MLB Issues a Warning

League officials stepped in quickly, saying the handwritten verses broke uniform policy and telling the pitchers not to do it again. “The writing on the cap violates our rules and consistent with normal practice we have warned the players about future violations,” Pat Courtney, MLB’s chief communications officer, told Outsports.

Roupp framed the inscriptions as an expression of his faith centered on God’s covenant and insisted there’s no hate at all, remarks reported by SFGATE. That explanation did little to tamp down criticism from fans and local leaders who saw the move as a pointed statement on a night meant to celebrate the LGBTQ+ community.

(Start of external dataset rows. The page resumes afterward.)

inductive_set PA_ax :: "fm set" where
  "Neg (Eq (Sc (Var 0)) Zer) \<in> PA_ax"
| "Imp (Eq (Sc (Var 0)) (Sc (Var 1))) (Eq (Var 0) (Var 1)) \<in> PA_ax"
| "Eq (Pl (Var 0) Zer) (Var 0) \<in> PA_ax"
| "Eq (Pl (Var 0) (Sc (Var 1))) (Sc (Pl (Var 0) (Var 1))) \<in> PA_ax"
| "Eq (Tm (Var 0) Zer) Zer \<in> PA_ax"
| "Eq (Tm (Var 0) (Sc (Var 1))) (Pl (Tm (Var 0) (Var 1)) (Var 0)) \<in> PA_ax"
| "Imp (subst_fm 0 Zer A)
       (Imp (All (Imp A (subst_fm 0 (Sc (Var 0)) (lift_fm 1 A)))) (All A)) \<in> PA_ax"

fun gn_trm :: "trm \<Rightarrow> nat" where
  "gn_trm (Var i) = prod_encode (0, i)"
| "gn_trm Zer = prod_encode (1, 0)"
| "gn_trm (Sc t) = prod_encode (2, gn_trm t)"
| "gn_trm (Pl s t) = prod_encode (3, prod_encode (gn_trm s, gn_trm t))"
| "gn_trm (Tm s t) = prod_encode (4, prod_encode (gn_trm s, gn_trm t))"

fun gn :: "fm \<Rightarrow> nat" where
  "gn (Eq s t) = prod_encode (0, prod_encode (gn_trm s, gn_trm t))"
| "gn (Neg A) = prod_encode (1, gn A)"
| "gn (Imp A B) = prod_encode (2, prod_encode (gn A, gn B))"
| "gn (All A) = prod_encode (3, gn A)"

fun num :: "nat \<Rightarrow> trm" where
  "num 0 = Zer"
| "num (Suc n) = Sc (num n)"

definition quot :: "fm \<Rightarrow> trm" where
  "quot A = num (gn A)"

definition inst :: "fm \<Rightarrow> trm \<Rightarrow> fm" where
  "inst P t = subst_fm 0 t P"

definition prim_rec_op :: "(nat list \<Rightarrow> nat) \<Rightarrow> (nat list \<Rightarrow> nat) \<Rightarrow> nat list \<Rightarrow> nat" where
  "prim_rec_op g h xs = rec_nat (g (tl xs)) (\<lambda>k r. h (k # r # tl xs)) (hd xs)"

inductive PRF :: "nat \<Rightarrow> (nat list \<Rightarrow> nat) \<Rightarrow> bool" where
  zero: "PRF n (\<lambda>_. 0)"
| succ: "PRF 1 (\<lambda>xs. Suc (hd xs))"
| proj: "i < n \<Longrightarrow> PRF n (\<lambda>xs. xs ! i)"
| comp: "PRF m g \<Longrightarrow> length hs = m \<Longrightarrow> (\<forall>h\<in>set hs. PRF n h)
         \<Longrightarrow> PRF n (\<lambda>xs. g (map (\<lambda>h. h xs) hs))"
| prec: "PRF n g \<Longrightarrow> PRF (n + 2) h \<Longrightarrow> PRF (Suc n) (prim_rec_op g h)"

definition prim_rec_set :: "nat set \<Rightarrow> bool" where
  "prim_rec_set S \<longleftrightarrow> (\<exists>f. PRF 1 f \<and> (\<forall>x. f [x] = (if x \<in> S then 1 else 0)))"

definition consistent :: "fm set \<Rightarrow> bool" where
  "consistent Ax \<longleftrightarrow> \<not> (\<exists>A. prv Ax A \<and> prv Ax (Neg A))"

definition good_theory :: "fm set \<Rightarrow> bool" where
  "good_theory Ax \<longleftrightarrow> prim_rec_set (gn ` Ax) \<and> consistent Ax
     \<and> (\<forall>A. prv PA_ax A \<longrightarrow> prv Ax A)"

definition provability_predicate :: "fm set \<Rightarrow> fm \<Rightarrow> bool" where
  "provability_predicate Ax P \<longleftrightarrow> closed_fm 1 P \<and>
     (\<forall>n. prv PA_ax (inst P (num n)) \<longleftrightarrow> (\<exists>A. n = gn A \<and> prv Ax A))"

definition Pr :: "fm \<Rightarrow> fm \<Rightarrow> fm" where
  "Pr P A = inst P (quot A)"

Giants Apologize, Stress Inclusion

The Giants organization tried to put some distance between the club and the controversy. In a statement, the team said it was “proud to support Pride Night and the LGBTQ+ community” and added that they “understand that the choices by individual players have caused pain and anger to many in the LGBTQ+ community and we are sorry for that.” The team’s response and postgame fallout were detailed by the San Francisco Standard.

Precedent and the Rulebook

Player-driven on-field statements are not a new headache for the league. MLB’s uniform rules prohibit unauthorized writing or alterations, and first offenses typically draw a warning rather than a fine or suspension. The commissioner’s office, for instance, issued a formal warning over pitchers’ custom cleats in 2018, a case outlined by Yahoo Sports. Clubs also retain the option to hand down internal discipline of their own.

What to Watch Next

With MLB having now put its warning on the record, a repeat of the same conduct would likely trigger tougher consequences under the uniform rules, according to reporting by The New York Times. The Giants maintain that they remain committed to inclusion, but how this episode lands with ticket-holders, corporate sponsors and the clubhouse itself is the next chapter the team will have to navigate.